Dataset entries
(* Let $n,p,\ell$ be positive integers, $A\in\mathbb{R}^{n\times n}$, $C\in\mathbb{R}^{p\times n}$, $X_0,W\in\mathbb{R}^{n\times n}$ symmetric positive definite, and $V=\operatorname{diag}(\sigma_{v,1}^2,\dots,\sigma_{v,p}^2)$ with all $\sigma_{v,i}>0$. Let $\mathcal{I}=\{1,\dots,p\}$ and, for $\mathcal{S}\subseteq\mathcal{I}$, let $L$, $U_{\mathcal{S}}$, $J(\mathcal{S})$ and $f(\mathcal{S})=J(\emptyset)-J(\mathcal{S})$ be as defined in the context. Define $$\underline{\gamma}:=\frac{\lambda_{\min}(L)}{\lambda_{\max}(L+U_{\mathcal{I}})},\qquad \overline{\alpha}:=1-\frac{\{\lambda_{\min}(L)\}^2}{\{\lambda_{\max}(L+U_{\mathcal{I}})\}^2}.$$ Then $f:2^{\mathcal{I}}\to\mathbb{R}$ is nondecreasing (i.e. $f(\mathcal{S}_1)\le f(\mathcal{S}_2)$ whenever $\mathcal{S}_1\subseteq\mathcal{S}_2\subseteq\mathcal{I}$), and its submodularity ratio $\gamma$ and curvature $\alpha$ satisfy $$\gamma\ge\underline{\gamma}>0,\qquad \alpha\le\overline{\alpha}<1.$$
   Context: Let $\Phi\in\mathbb{R}^{n\ell\times n\ell}$ be the block lower-triangular matrix whose $(i,j)$ block ($i,j=1,\dots,\ell$) is $A^{i-j}$ for $i\ge j$ (with $A^0=I_n$) and $0$ for $i<j$. Let $Z=\operatorname{diag}(X_0,W,\dots,W)$ (block diagonal with $\ell$ blocks) and $L:=Z^{-1}$. For $\mathcal{S}=\{\theta_1<\theta_2<\dots<\theta_s\}\subseteq\mathcal{I}$, the selection matrix $S_{\mathcal{S}}\in\mathbb{R}^{s\times p}$ has $[S_{\mathcal{S}}]_{i,j}=1$ if $j=\theta_i$ and $0$ otherwise; set $G=\{I_\ell\otimes(S_{\mathcal{S}}C)\}\Phi$, $V_{\mathcal{S}}=I_\ell\otimes(S_{\mathcal{S}}VS_{\mathcal{S}}^\top)$ and $U_{\mathcal{S}}:=G^\top V_{\mathcal{S}}^{-1}G$, with the convention $U_\emptyset=0$. (Equivalently $U_{\mathcal{S}}=\sum_{i\in\mathcal{S}}\sigma_{v,i}^{-2}\Phi^\top(I_\ell\otimes C)^\top(I_\ell\otimes I^{(i)})(I_\ell\otimes C)\Phi$, where $I^{(i)}$ is the $p\times p$ matrix with a single $1$ in position $(i,i)$.) Define $J(\mathcal{S}):=\operatorname{tr}[(L+U_{\mathcal{S}})^{-1}]$ (this is the smoothing mean square error over times $0,\dots,\ell-1$ for the system $x_{k+1}=Ax_k+w_k$, $y_k=Cx_k+v_k$ using only outputs indexed by $\mathcal{S}$, with $\mathrm{Cov}[x_0]=X_0$, $\mathrm{Cov}[w_k]=W$, $\mathrm{Cov}[v_k]=V$), and $f(\mathcal{S}):=-J(\mathcal{S})+J(\emptyset)$. $\lambda_{\min},\lambda_{\max}$ denote minimum and maximum eigenvalues. For $\Omega,\mathcal{S}\subseteq\mathcal{I}$ let $\rho_\Omega(\mathcal{S}):=f(\mathcal{S}\cup\Omega)-f(\mathcal{S})$. The submodularity ratio of $f$ is the largest scalar $\gamma$ such that $\sum_{\omega\in\Omega\setminus\mathcal{S}}\rho_{\{\omega\}}(\mathcal{S})\ge\gamma\,\rho_\Omega(\mathcal{S})$ for all $\Omega,\mathcal{S}\subseteq\mathcal{I}$. The curvature of $f$ is the smallest scalar $\alpha$ such that $\rho_{\{j\}}(\mathcal{S}\setminus\{j\}\cup\Omega)\ge(1-\alpha)\rho_{\{j\}}(\mathcal{S}\setminus\{j\})$ for all $\Omega,\mathcal{S}\subseteq\mathcal{I}$ and all $j\in\mathcal{S}\setminus\Omega$. *)

theory Defs
  imports "Jordan_Normal_Form.Matrix" "Jordan_Normal_Form.Char_Poly" "HOL-Library.Extended_Real"
begin
definition is_shade :: "nat \<Rightarrow> nat \<Rightarrow> shade \<Rightarrow> bool" where
  "is_shade m n S \<longleftrightarrow>
     S \<noteq> [] \<and>
     (\<forall>(s, c) \<in> set S. (\<forall>a \<in> set s. a > 0) \<and> c \<subseteq> {1..m} \<and> (s \<noteq> [] \<or> c \<noteq> {})) \<and>
     sum_list (map (\<lambda>(s, c). sum_list s) S) = n \<and>
     (\<forall>i j. i < j \<and> j < length S \<longrightarrow> snd (S ! i) \<inter> snd (S ! j) = {}) \<and>
     (\<Union>(s, c) \<in> set S. c) = {1..m}"

definition shades :: "nat \<Rightarrow> nat \<Rightarrow> shade set" where
  "shades m n = {S. is_shade m n S}"

inductive shade_step :: "shade \<Rightarrow> shade \<Rightarrow> bool" where
  merge: "shade_step (xs @ [(s1 @ s2, c1 \<union> c2)] @ ys) (xs @ [(s1, c1), (s2, c2)] @ ys)"
| split: "0 < a \<Longrightarrow> 0 < b \<Longrightarrow>
          shade_step (xs @ [(us @ [a, b] @ vs, c)] @ ys) (xs @ [(us @ [a + b] @ vs, c)] @ ys)"

definition shade_le :: "shade \<Rightarrow> shade \<Rightarrow> bool" where
  "shade_le S' S \<longleftrightarrow> shade_step\<^sup>*\<^sup>* S' S"

end

theory Submission
  imports Defs
begin

text \<open>
  The nonempty faces of a polytope are the sets on which linear functionals attain their
  maximum. The face of a functional \<open>a\<close> on a Minkowski sum of simplices
  \<open>conv{e\<^sub>i : i \<in> I}\<close> is the sum of the faces of the summands, so it is determined by the
  sets of indices maximising \<open>a\<close> within each \<open>I\<close>, and faces are ordered by inclusion of these
  sets. Every member of \<open>B\<^sub>m\<^sub>,\<^sub>n\<close> is a singleton or a union of minimal members, namely
  singletons \<open>{x}\<close> with \<open>x \<le> m\<close> and tails \<open>{m+r+1..m+n}\<close>. Hence the face of \<open>a\<close> is
  determined by the weak order of the maxima of \<open>a\<close> over the minimal members, together with the
  set of tails whose maximum is attained at their first element. Listing the minimal members by
  decreasing maximum, the tails becoming consecutive units that are cut after each tail of the
  second kind, yields an \<open>m\<close>-lighted \<open>n\<close>-shade, and every shade arises in this way. A face
  contains another iff its weak order is coarser and its set of cuts is larger, and this is
  exactly the order on shades generated by merging consecutive pairs and splitting entries.
\<close>

section \<open>Faces of nestohedra\<close>

definition argmax_on :: "('i \<Rightarrow> 'a::linorder) \<Rightarrow> 'i set \<Rightarrow> 'i set" where
  "argmax_on w I = {i\<in>I. \<forall>j\<in>I. w j \<le> w i}"
lemma levi_civita_quadratic_derivative:
  fixes g :: "'n::finite \<Rightarrow> 'n \<Rightarrow> real" and dg Gam :: "'n \<Rightarrow> 'n \<Rightarrow> 'n \<Rightarrow> real"
    and X V W :: "'n \<Rightarrow> real"
  assumes sym: "\<And>a b. g a b = g b a"
    and dsym: "\<And>c a b. dg c a b = dg c b a"
    and lowered: "\<And>d b c. (\<Sum>a\<in>UNIV. g d a * Gam a b c) = 1/2 * (dg b d c + dg c d b - dg d b c)"
    and W: "\<And>a. W a = - (\<Sum>b\<in>UNIV. \<Sum>c\<in>UNIV. Gam a b c * X b * V c)"
  shows "(\<Sum>a\<in>UNIV. \<Sum>b\<in>UNIV. W a * g a b * V b + V a * (\<Sum>c\<in>UNIV. dg c a b * X c) * V b
            + V a * g a b * W b) = 0"
proof -
  define F where "F b e c = dg e b c * X e * V c * V b" for b e c
  define G where "G b e c = dg c b e * X e * V c * V b" for b e c
  define H where "H b e c = dg b e c * X e * V c * V b" for b e c
  have gW: "(\<Sum>a\<in>UNIV. g b a * W a) =
      - 1/2 * (\<Sum>e\<in>UNIV. \<Sum>c\<in>UNIV. (dg e b c + dg c b e - dg b e c) * X e * V c)" for b
  proof -
    have "(\<Sum>a\<in>UNIV. g b a * W a)
        = - (\<Sum>a\<in>UNIV. \<Sum>e\<in>UNIV. \<Sum>c\<in>UNIV. g b a * Gam a e c * X e * V c)"
      unfolding W by (simp add: sum_distrib_left sum_negf mult.assoc)
    also have "\<dots> = - (\<Sum>e\<in>UNIV. \<Sum>c\<in>UNIV. \<Sum>a\<in>UNIV. g b a * Gam a e c * X e * V c)"
      by (subst sum.swap) (rule arg_cong[where f = uminus], rule sum.cong[OF refl], rule sum.swap)
    also have "\<dots> = - (\<Sum>e\<in>UNIV. \<Sum>c\<in>UNIV. (\<Sum>a\<in>UNIV. g b a * Gam a e c) * X e * V c)"
      by (simp add: sum_distrib_right)
    finally show ?thesis
      unfolding lowered by (simp add: sum_distrib_left mult.assoc sum_negf)
  qed
  have "(\<Sum>a\<in>UNIV. \<Sum>b\<in>UNIV. W a * g a b * V b) = (\<Sum>b\<in>UNIV. V b * (\<Sum>a\<in>UNIV. g b a * W a))"
    by (subst sum.swap) (simp add: sum_distrib_left sym mult.commute mult.left_commute)
  also have "\<dots> = - 1/2 * (\<Sum>b\<in>UNIV. \<Sum>e\<in>UNIV. \<Sum>c\<in>UNIV. F b e c + G b e c - H b e c)"
    unfolding gW F_def G_def H_def by (simp add: sum_distrib_left algebra_simps sum_negf)
  finally have S1: "(\<Sum>a\<in>UNIV. \<Sum>b\<in>UNIV. W a * g a b * V b) =
      - 1/2 * (\<Sum>b\<in>UNIV. \<Sum>e\<in>UNIV. \<Sum>c\<in>UNIV. F b e c + G b e c - H b e c)" .
  have S3: "(\<Sum>a\<in>UNIV. \<Sum>b\<in>UNIV. V a * g a b * W b) = (\<Sum>a\<in>UNIV. \<Sum>b\<in>UNIV. W a * g a b * V b)"
    by (subst sum.swap) (simp add: sym mult.commute mult.left_commute)
  have S2: "(\<Sum>a\<in>UNIV. \<Sum>b\<in>UNIV. V a * (\<Sum>c\<in>UNIV. dg c a b * X c) * V b) =
      (\<Sum>b\<in>UNIV. \<Sum>e\<in>UNIV. \<Sum>c\<in>UNIV. F b e c)"
  proof -
    have "(\<Sum>a\<in>UNIV. \<Sum>b\<in>UNIV. V a * (\<Sum>c\<in>UNIV. dg c a b * X c) * V b) =
        (\<Sum>a\<in>UNIV. \<Sum>b\<in>UNIV. \<Sum>c\<in>UNIV. dg c a b * X c * V b * V a)"
      by (simp add: sum_distrib_left sum_distrib_right mult.commute mult.left_commute)
    also have "\<dots> = (\<Sum>a\<in>UNIV. \<Sum>c\<in>UNIV. \<Sum>b\<in>UNIV. dg c a b * X c * V b * V a)"
      by (rule sum.cong[OF refl], rule sum.swap)
    finally show ?thesis
      unfolding F_def by simp
  qed
  have GH: "(\<Sum>b\<in>UNIV. \<Sum>e\<in>UNIV. \<Sum>c\<in>UNIV. G b e c) = (\<Sum>b\<in>UNIV. \<Sum>e\<in>UNIV. \<Sum>c\<in>UNIV. H b e c)"
  proof -
    have "(\<Sum>b\<in>UNIV. \<Sum>e\<in>UNIV. \<Sum>c\<in>UNIV. H b e c) = (\<Sum>c\<in>UNIV. \<Sum>b\<in>UNIV. \<Sum>e\<in>UNIV. H b e c)"
      by (subst sum.swap) (rule sum.cong[OF refl], rule sum.swap)
    also have "\<dots> = (\<Sum>c\<in>UNIV. \<Sum>b\<in>UNIV. \<Sum>e\<in>UNIV. G c e b)"
      unfolding H_def G_def by (simp add: dsym mult.commute mult.left_commute)
    also have "\<dots> = (\<Sum>b\<in>UNIV. \<Sum>e\<in>UNIV. \<Sum>c\<in>UNIV. G b e c)"
      by (rule sum.cong[OF refl], rule sum.swap)
    finally show ?thesis
      by simp
  qed
  show ?thesis
    using S1 S2 S3 GH by (simp add: sum.distrib sum_subtractf)
qed

lemma sg_expand: "sg m p v w = (\<Sum>a\<in>UNIV. \<Sum>b\<in>UNIV. v $ a * schw_metric m p $ a $ b * w $ b)"
  unfolding sg_def inner_vec_def matrix_vector_mult_def
  by (simp add: sum_distrib_left mult.assoc)

lemma sg_parallel_transport:
  assumes m: "m > 0" and ext: "\<forall>s\<in>{0..1}. srad (\<psi> s) > 2 * m"
    and X: "\<forall>s\<in>{0..1}. (\<psi> has_vector_derivative X s) (at s within {0..1})"
    and "parallel_along m \<psi> V"
  shows "sg m (\<psi> 0) (V 0) (V 0) = sg m (\<psi> 1) (V 1) (V 1)"
proof -
  obtain V' where V': "\<forall>s\<in>{0..1}. (V has_vector_derivative V' s) (at s within {0..1})"
    and transport: "\<forall>s\<in>{0..1}. \<forall>a. V' s $ a =
           - (\<Sum>b\<in>UNIV. \<Sum>c\<in>UNIV. christoffel m (\<psi> s) a b c * X s $ b * V s $ c)"
    using parallel_along_derivative[OF assms(4) X] .
  let ?Q = "\<lambda>s. \<Sum>a\<in>UNIV. \<Sum>b\<in>UNIV. V s $ a * schw_metric m (\<psi> s) $ a $ b * V s $ b"
  have "(?Q has_real_derivative 0) (at s within {0..1})" if s: "s \<in> {0..1}" for s
  proof -
    let ?dg = "\<lambda>c a b. pdiff (\<lambda>x. schw_metric m x $ a $ b) c (\<psi> s)"
    have V'_a: "((\<lambda>s. V s $ a) has_real_derivative V' s $ a) (at s within {0..1})" for a
      using has_real_derivative_vec_nth V' s by blast
    have g_ab: "((\<lambda>s. schw_metric m (\<psi> s) $ a $ b) has_real_derivative
        (\<Sum>c\<in>UNIV. ?dg c a b * X s $ c)) (at s within {0..1})" for a b
      using pdiff_chain_rule[OF schw_metric_differentiable[OF _ m]] X ext s by auto
    have "(?Q has_real_derivative (\<Sum>a\<in>UNIV. \<Sum>b\<in>UNIV.
       V' s $ a * schw_metric m (\<psi> s) $ a $ b * V s $ b +
       V s $ a * (\<Sum>c\<in>UNIV. ?dg c a b * X s $ c) * V s $ b +
       V s $ a * schw_metric m (\<psi> s) $ a $ b * V' s $ b)) (at s within {0..1})"
      by (intro DERIV_sum DERIV_cong[OF DERIV_mult[OF DERIV_mult[OF V'_a g_ab] V'_a]])
        (simp add: algebra_simps)
    also have "(\<Sum>a\<in>UNIV. \<Sum>b\<in>UNIV.
       V' s $ a * schw_metric m (\<psi> s) $ a $ b * V s $ b +
       V s $ a * (\<Sum>c\<in>UNIV. ?dg c a b * X s $ c) * V s $ b +
       V s $ a * schw_metric m (\<psi> s) $ a $ b * V' s $ b) = 0"
      using ext s m transport
      by (intro levi_civita_quadratic_derivative[where Gam = "christoffel m (\<psi> s)"])
        (auto simp: schw_metric_sym christoffel_lowered)
    finally show ?thesis .
  qed
  then have "?Q 1 = ?Q 0"
    using zero_derivative_unit_interval[of ?Q 1] by simp
  then show ?thesis
    unfolding sg_expand by simp
qed

lemma schw_metric_time_translation: "schw_metric m (p + s *\<^sub>R axis 0 1) = schw_metric m p"
proof -
  have "srad (p + s *\<^sub>R axis 0 1) = srad p"
    unfolding srad_def by (simp add: axis_def)
  then show ?thesis
    unfolding schw_metric_def by (simp add: vec_eq_iff axis_def)
qed

lemma pdiff_time_schw_metric: "pdiff (\<lambda>x. schw_metric m x $ a $ b) 0 p = 0"
  unfolding pdiff_def schw_metric_time_translation by simp

lemma pdiff_schw_metric_time_space: "c \<noteq> 0 \<Longrightarrow> pdiff (\<lambda>x. schw_metric m x $ 0 $ c) b p = 0"
  unfolding pdiff_def schw_metric_def by simp

definition gtt_derivative :: "real \<Rightarrow> real^4 \<Rightarrow> real^4 \<Rightarrow> real" where
  "gtt_derivative m p Y = (\<Sum>c\<in>UNIV. pdiff (\<lambda>x. schw_metric m x $ 0 $ 0) c p * Y $ c)"

lemma christoffel_time_contraction:
  assumes "srad p > 2 * m" "m > 0"
  shows "2 * schw_metric m p $ 0 $ 0 *
      (\<Sum>b\<in>UNIV. \<Sum>c\<in>UNIV. christoffel m p 0 b c * Y $ b * Z $ c) =
    Y $ 0 * gtt_derivative m p Z + Z $ 0 * gtt_derivative m p Y"
proof -
  let ?g00 = "schw_metric m p $ 0 $ 0" and ?P = "\<lambda>c. pdiff (\<lambda>x. schw_metric m x $ 0 $ 0) c p"
  have g00_ne: "?g00 \<noteq> 0"
    using schw_metric_00_neg[OF assms] by simp
  have inverse_row: "schw_metric_inverse m p $ 0 $ d = (if d = 0 then 1 / ?g00 else 0)" for d
    unfolding schw_metric_inverse_def schw_metric_00 by (simp add: minus_divide_right)
  have "2 * ?g00 * christoffel m p 0 b c =
      (if b = 0 then ?P c else 0) + (if c = 0 then ?P b else 0)" for b c
    unfolding christoffel_def matrix_inv_schw_metric[OF assms] inverse_row sum_UNIV_4
    using g00_ne by (cases "b = 0"; cases "c = 0")
      (simp_all add: pdiff_time_schw_metric pdiff_schw_metric_time_space)
  then have "2 * ?g00 * (\<Sum>b\<in>UNIV. \<Sum>c\<in>UNIV. christoffel m p 0 b c * Y $ b * Z $ c) =
      (\<Sum>b\<in>UNIV. \<Sum>c\<in>UNIV. ((if b = 0 then ?P c else 0) + (if c = 0 then ?P b else 0)) * Y $ b * Z $ c)"
    by (simp add: sum_distrib_left mult.assoc[symmetric])
  also have "\<dots> = Y $ 0 * gtt_derivative m p Z + Z $ 0 * gtt_derivative m p Y"
    unfolding gtt_derivative_def sum_UNIV_4 by (simp add: pdiff_time_schw_metric algebra_simps)
  finally show ?thesis .
qed

lemma gtt_chain_rule:
  assumes "m > 0" "srad (\<psi> s) > 2 * m"
    and "(\<psi> has_vector_derivative X) (at s within S)"
  shows "((\<lambda>s. schw_metric m (\<psi> s) $ 0 $ 0) has_real_derivative gtt_derivative m (\<psi> s) X)
           (at s within S)"
  unfolding gtt_derivative_def
  using pdiff_chain_rule[OF schw_metric_differentiable[OF assms(2,1)] assms(3)] .

text \<open>Conservation of the Killing energy \<open>g(\<psi>', \<partial>\<^sub>t)\<close> along a geodesic.\<close>
lemma geodesic_time_velocity_vanishes:
  assumes m: "m > 0" and ext: "\<forall>s\<in>{0..1}. srad (\<psi> s) > 2 * m"
    and X: "\<forall>s\<in>{0..1}. (\<psi> has_vector_derivative X s) (at s within {0..1})"
    and "parallel_along m \<psi> X" and "X 0 $ 0 = 0"
    and s: "s \<in> {0..1}"
  shows "X s $ 0 = 0"
proof -
  obtain X' where X': "\<forall>s\<in>{0..1}. (X has_vector_derivative X' s) (at s within {0..1})"
    and transport: "\<forall>s\<in>{0..1}. \<forall>a. X' s $ a =
           - (\<Sum>b\<in>UNIV. \<Sum>c\<in>UNIV. christoffel m (\<psi> s) a b c * X s $ b * X s $ c)"
    using parallel_along_derivative[OF assms(4) X] .
  let ?G = "\<lambda>s. schw_metric m (\<psi> s) $ 0 $ 0"
  have "((\<lambda>s. X s $ 0 * ?G s) has_real_derivative 0) (at s within {0..1})"
    if s: "s \<in> {0..1}" for s
  proof -
    have "((\<lambda>s. X s $ 0 * ?G s) has_real_derivative
        X' s $ 0 * ?G s + gtt_derivative m (\<psi> s) (X s) * X s $ 0) (at s within {0..1})"
      using X X' s by (intro DERIV_mult has_real_derivative_vec_nth gtt_chain_rule m) (auto simp: ext)
    moreover have "X' s $ 0 * ?G s + gtt_derivative m (\<psi> s) (X s) * X s $ 0 = 0"
      using christoffel_time_contraction[of m "\<psi> s" "X s" "X s"] transport m ext s
      by (simp add: algebra_simps)
    ultimately show ?thesis
      by simp
  qed
  then have "X s $ 0 * ?G s = 0"
    using zero_derivative_unit_interval[of "\<lambda>s. X s $ 0 * ?G s" s] s \<open>X 0 $ 0 = 0\<close> by simp
  moreover have "?G s \<noteq> 0"
    using schw_metric_00_neg[of m "\<psi> s"] m ext s by simp
  ultimately show ?thesis
    by simp
qed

> _Problem to work on_
Starting with the line above that holds "0 \<Longrightarrow> pdiff" and stopping with the line that holds "(\<Sum>b\<in>UNIV. \<Sum>c\<in>UNIV. ((if", reproduce each line exactly, omitting all other lines.

> _Result for this exercise_
lemma pdiff_schw_metric_time_space: "c \<noteq> 0 \<Longrightarrow> pdiff (\<lambda>x. schw_metric m x $ 0 $ c) b p = 0"
  unfolding pdiff_def schw_metric_def by simp

definition gtt_derivative :: "real \<Rightarrow> real^4 \<Rightarrow> real^4 \<Rightarrow> real" where
  "gtt_derivative m p Y = (\<Sum>c\<in>UNIV. pdiff (\<lambda>x. schw_metric m x $ 0 $ 0) c p * Y $ c)"

lemma christoffel_time_contraction:
  assumes "srad p > 2 * m" "m > 0"
  shows "2 * schw_metric m p $ 0 $ 0 *
      (\<Sum>b\<in>UNIV. \<Sum>c\<in>UNIV. christoffel m p 0 b c * Y $ b * Z $ c) =
    Y $ 0 * gtt_derivative m p Z + Z $ 0 * gtt_derivative m p Y"
proof -
  let ?g00 = "schw_metric m p $ 0 $ 0" and ?P = "\<lambda>c. pdiff (\<lambda>x. schw_metric m x $ 0 $ 0) c p"
  have g00_ne: "?g00 \<noteq> 0"
    using schw_metric_00_neg[OF assms] by simp
  have inverse_row: "schw_metric_inverse m p $ 0 $ d = (if d = 0 then 1 / ?g00 else 0)" for d
    unfolding schw_metric_inverse_def schw_metric_00 by (simp add: minus_divide_right)
  have "2 * ?g00 * christoffel m p 0 b c =
      (if b = 0 then ?P c else 0) + (if c = 0 then ?P b else 0)" for b c
    unfolding christoffel_def matrix_inv_schw_metric[OF assms] inverse_row sum_UNIV_4
    using g00_ne by (cases "b = 0"; cases "c = 0")
      (simp_all add: pdiff_time_schw_metric pdiff_schw_metric_time_space)
  then have "2 * ?g00 * (\<Sum>b\<in>UNIV. \<Sum>c\<in>UNIV. christoffel m p 0 b c * Y $ b * Z $ c) =
      (\<Sum>b\<in>UNIV. \<Sum>c\<in>UNIV. ((if b = 0 then ?P c else 0) + (if c = 0 then ?P b else 0)) * Y $ b * Z $ c)"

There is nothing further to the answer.